Univariate linear regression analyses were performed to delineate predictive factors of training response (relative pre- to post changes in gait speed) for the IG. Variables included baseline cognitive parameters (MMSE, Trail-Making Test, CERAD subtests including early and delayed recall, recall of symbols, discrimination, verbal fluency, visuoconstructive abilities), age, gender, ADL-status (Barthel Index), comorbidity (CIRS), depression (GDS), baseline motor variables (POMA, lower extremity strength), and adherence to the intervention. Significant correlates at P-values of 0.1 or less were retained for a multivariate regression model (stepwise backward) to identify independent predictive variables of training response. Influences of variables are given as regression coefficients β and general fit of the model is reported by the coefficient of determination R2.

Associations between changes in gait characteristics (relative pre- to post changes) and changes in lower extremity strength (1-RM) respectively changes in functional performance (POMA) were quantified by Pearson’s correlation coefficients. Correlations were considered low (r < 0.2), moderate (r = 0.2-0.5), or good (r > 0.5) according to the recommendations of Cohen [38]. Data on intervention–related changes in lower extremity strength and functional performance (POMA) are not displayed in this paper since results have been published in a previous paper describing result of the parent study [20]. Statistical analysis was performed using SPSS statistics 17.0 (IBM, Armonk, NY, USA).
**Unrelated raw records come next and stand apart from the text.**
(* Let $I\subset S$ be a nonzero proper graded ideal. Then there exists a constant $c$ such that $\mathrm{v}(I^k)\ge\alpha(I)k+c$ for all $k\gg0$.
   Context: $S=K[x_1,\dots,x_n]$ is a standard graded polynomial ring over a field $K$, $S_d$ its degree-$d$ component. For a graded ideal $J\subset S$, $\mathrm{v}(J)=\min\{d:\exists f\in S_d\text{ with }(J:f)\in\operatorname{Ass}(J)\}$. $\alpha(I)$ is the least degree of a nonzero homogeneous element of $I$. *)

theory Defs
  imports Main "HOL-Library.Poly_Mapping"
begin

text \<open>Polynomial ring S = K[x_v : v in 'v] with 'v a finite type of variables
  (n = CARD('v)), realised as ('v =>0 nat) =>0 a (monomial exponent vectors to coefficients).\<close>

type_synonym ('v, 'a) mpoly = "('v \<Rightarrow>\<^sub>0 nat) \<Rightarrow>\<^sub>0 'a"

definition is_ideal :: "'r::comm_ring_1 set \<Rightarrow> bool" where
  "is_ideal I \<longleftrightarrow> 0 \<in> I \<and> (\<forall>a\<in>I. \<forall>b\<in>I. a + b \<in> I) \<and> (\<forall>a\<in>I. \<forall>r. r * a \<in> I)"

definition ideal_gen :: "'r::comm_ring_1 set \<Rightarrow> 'r set" where
  "ideal_gen G = \<Inter> {I. is_ideal I \<and> G \<subseteq> I}"

definition ideal_mult :: "'r::comm_ring_1 set \<Rightarrow> 'r set \<Rightarrow> 'r set" where
  "ideal_mult I J = ideal_gen {a * b | a b. a \<in> I \<and> b \<in> J}"

primrec ideal_pow :: "'r::comm_ring_1 set \<Rightarrow> nat \<Rightarrow> 'r set" where
  "ideal_pow I 0 = UNIV"
| "ideal_pow I (Suc k) = ideal_mult (ideal_pow I k) I"

definition colon :: "'r::comm_ring_1 set \<Rightarrow> 'r \<Rightarrow> 'r set" where
  "colon J f = {g. g * f \<in> J}"

definition prime_ideal :: "'r::comm_ring_1 set \<Rightarrow> bool" where
  "prime_ideal P \<longleftrightarrow> is_ideal P \<and> P \<noteq> UNIV \<and> (\<forall>a b. a * b \<in> P \<longrightarrow> a \<in> P \<or> b \<in> P)"

definition Ass :: "'r::comm_ring_1 set \<Rightarrow> 'r set set" where
  "Ass J = {P. prime_ideal P \<and> (\<exists>f. P = colon J f)}"

definition mdeg :: "('v \<Rightarrow>\<^sub>0 nat) \<Rightarrow> nat" where
  "mdeg m = sum (Poly_Mapping.lookup m) (Poly_Mapping.keys m)"

definition homogeneous_of :: "nat \<Rightarrow> ('v, 'a::zero) mpoly \<Rightarrow> bool" where
  "homogeneous_of d f \<longleftrightarrow> (\<forall>m \<in> Poly_Mapping.keys f. mdeg m = d)"

definition Sdeg :: "nat \<Rightarrow> ('v, 'a::zero) mpoly set" where
  "Sdeg d = {f. homogeneous_of d f}"

definition graded_ideal :: "('v, 'a::comm_ring_1) mpoly set \<Rightarrow> bool" where
  "graded_ideal I \<longleftrightarrow> is_ideal I \<and> I = ideal_gen {f \<in> I. \<exists>d. homogeneous_of d f}"

definition vnum :: "('v, 'a::comm_ring_1) mpoly set \<Rightarrow> nat" where
  "vnum J = (LEAST d. \<exists>f \<in> Sdeg d. colon J f \<in> Ass J)"

definition alpha :: "('v, 'a::comm_ring_1) mpoly set \<Rightarrow> nat" where
  "alpha I = (LEAST d. \<exists>f \<in> I. f \<noteq> 0 \<and> f \<in> Sdeg d)"

end

theory Submission
  imports Defs "HOL-Library.Countable" "HOL-Library.Ramsey"
begin

text \<open>Let \<open>(I\<^sup>k : f)\<close> be prime with \<open>f\<close> homogeneous of degree \<open>d\<close>, and let \<open>g \<in> I\<close> be a nonzero form of
  degree \<open>\<alpha>(I)\<close>. Then \<open>g\<^sup>k \<in> I\<^sup>k \<subseteq> (I\<^sup>k : f)\<close>, so \<open>g \<in> (I\<^sup>k : f)\<close> by primality, i.e. \<open>g f \<in> I\<^sup>k\<close>. As \<open>g f\<close>
  is a nonzero form of degree \<open>\<alpha>(I) + d\<close> and every monomial of an element of \<open>I\<^sup>k\<close> has degree at least
  \<open>\<alpha>(I) k\<close>, we get \<open>d \<ge> \<alpha>(I) (k - 1)\<close>; hence \<open>v(I\<^sup>k) \<ge> \<alpha>(I) k - \<alpha>(I)\<close> for all \<open>k \<ge> 1\<close>.

  The substance is that \<open>v(I\<^sup>k)\<close> is attained at all: a proper graded ideal \<open>J\<close> has a prime colon
  ideal \<open>(J : f)\<close> with \<open>f\<close> homogeneous. Take \<open>(J : f)\<close> maximal among the colons \<open>(J : g)\<close> by homogeneous
  \<open>g \<notin> J\<close>; it is prime on homogeneous elements, and for graded ideals this suffices. The maximal element
  exists because graded ideals satisfy the ascending chain condition, proved via leading monomials
  and Dickson's lemma, which in turn follows from Ramsey's theorem.\<close>

section \<open>Ideals\<close>

lemma is_ideal_ideal_gen: "is_ideal (ideal_gen G)"
  unfolding is_ideal_def ideal_gen_def by auto

lemma ideal_gen_subset: "G \<subseteq> ideal_gen G"
  unfolding ideal_gen_def by auto

lemma ideal_gen_least: "is_ideal J \<Longrightarrow> G \<subseteq> J \<Longrightarrow> ideal_gen G \<subseteq> J"
  unfolding ideal_gen_def by auto

lemma ideal_gen_mono: "G \<subseteq> G' \<Longrightarrow> ideal_gen G \<subseteq> ideal_gen G'"
  unfolding ideal_gen_def by auto

lemma is_ideal_UNIV: "is_ideal UNIV"
  unfolding is_ideal_def by auto

lemma ideal_zero: "is_ideal I \<Longrightarrow> 0 \<in> I"
  unfolding is_ideal_def by auto

lemma ideal_add: "is_ideal I \<Longrightarrow> a \<in> I \<Longrightarrow> b \<in> I \<Longrightarrow> a + b \<in> I"
  unfolding is_ideal_def by auto

lemma ideal_mult_left: "is_ideal I \<Longrightarrow> a \<in> I \<Longrightarrow> r * a \<in> I"
  unfolding is_ideal_def by auto

lemma ideal_mult_right: "is_ideal I \<Longrightarrow> a \<in> I \<Longrightarrow> a * r \<in> I"
  using ideal_mult_left[of I a r] by (simp add: mult.commute)

lemma ideal_diff: "is_ideal I \<Longrightarrow> a \<in> I \<Longrightarrow> b \<in> I \<Longrightarrow> a - b \<in> I"
  using ideal_add[of I a "(- 1) * b"] ideal_mult_left[of I b "- 1"] by simp

lemma ideal_sum: "is_ideal I \<Longrightarrow> (\<And>x. x \<in> A \<Longrightarrow> f x \<in> I) \<Longrightarrow> sum f A \<in> I"
  by (induction A rule: infinite_finite_induct) (auto intro: ideal_zero ideal_add)

lemma ideal_eq_UNIV_iff_one: "is_ideal I \<Longrightarrow> I = UNIV \<longleftrightarrow> 1 \<in> I"
  using ideal_mult_left[of I 1] by force

lemma is_ideal_ideal_pow: "is_ideal (ideal_pow I k)"
  by (cases k) (simp_all add: is_ideal_UNIV ideal_mult_def is_ideal_ideal_gen)

lemma ideal_mult_mem: "a \<in> I \<Longrightarrow> b \<in> J \<Longrightarrow> a * b \<in> ideal_mult I J"
  unfolding ideal_mult_def by (rule subsetD[OF ideal_gen_subset]) blast

lemma ideal_mult_mono: "I \<subseteq> I' \<Longrightarrow> J \<subseteq> J' \<Longrightarrow> ideal_mult I J \<subseteq> ideal_mult I' J'"
  unfolding ideal_mult_def by (rule ideal_gen_mono) blast

lemma ideal_mult_least:
  "is_ideal K \<Longrightarrow> (\<And>a b. a \<in> I \<Longrightarrow> b \<in> J \<Longrightarrow> a * b \<in> K) \<Longrightarrow> ideal_mult I J \<subseteq> K"
  unfolding ideal_mult_def by (rule ideal_gen_least) auto

lemma ideal_pow_subset:
  assumes I: "is_ideal I" and k: "0 < k"
  shows "ideal_pow I k \<subseteq> I"
proof (cases k)
  case (Suc j)
  have "ideal_mult (ideal_pow I j) I \<subseteq> I"
    using I by (intro ideal_mult_least) (auto intro: ideal_mult_left)
  then show ?thesis
    using Suc by simp
qed (use k in simp)

lemma power_mem_ideal_pow: "a \<in> I \<Longrightarrow> a ^ k \<in> ideal_pow I k"
proof (induction k)
  case (Suc k)
  then show ?case
    using ideal_mult_mem[of "a ^ k" "ideal_pow I k" a I] by (simp add: mult.commute)
qed simp

lemma is_ideal_colon: "is_ideal J \<Longrightarrow> is_ideal (colon J f)"
  unfolding is_ideal_def colon_def by (auto simp: distrib_right mult.assoc)

lemma ideal_subset_colon: "is_ideal J \<Longrightarrow> J \<subseteq> colon J f"
  unfolding colon_def using ideal_mult_right by blast

lemma colon_eq_UNIV_iff:
  assumes J: "is_ideal J"
  shows "colon J f = UNIV \<longleftrightarrow> f \<in> J"
proof
  assume "colon J f = UNIV"
  then have "1 \<in> colon J f" by simp
  then show "f \<in> J" by (simp add: colon_def)
next
  assume "f \<in> J"
  then show "colon J f = UNIV"
    using ideal_mult_left[OF J] by (auto simp: colon_def)
qed

lemma prime_ideal_power_mem: "prime_ideal P \<Longrightarrow> a ^ k \<in> P \<Longrightarrow> 0 < k \<Longrightarrow> a \<in> P"
proof (induction k)
  case (Suc k)
  then show ?case unfolding prime_ideal_def by (cases k) auto
qed simp


section \<open>Degrees and homogeneous components\<close>

lemma mdeg_zero [simp]: "mdeg 0 = 0"
  by (simp add: mdeg_def)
Eight hundred forty-one patients admitted to the hospital were screened for eligibility. The process of screening, enrolment, allocation, follow-up, and data analysis is shown in the Figure 1. Sixty-one subjects were recruited into the study. Ten individuals (16.4%) who had given consent and were randomized (5 IG, 5 CG) did not start the study after returning home from the hospital. Two participants (3.3%) dropped out during the intervention period (1 IG, 1 CG). Adherence to the intervention was excellent, averaging 91.9% in the IG and 94.4% in the CG. Training was safe despite participants’ advanced frailty, multimorbidity, and impairment, and no severe training-related adverse events occurred. No participant rejected the study challenges during training or testing.

Figure 1
figure 1

Flow diagram of progress through the phases of screening, enrolment, allocation, follow-up, and data analysis.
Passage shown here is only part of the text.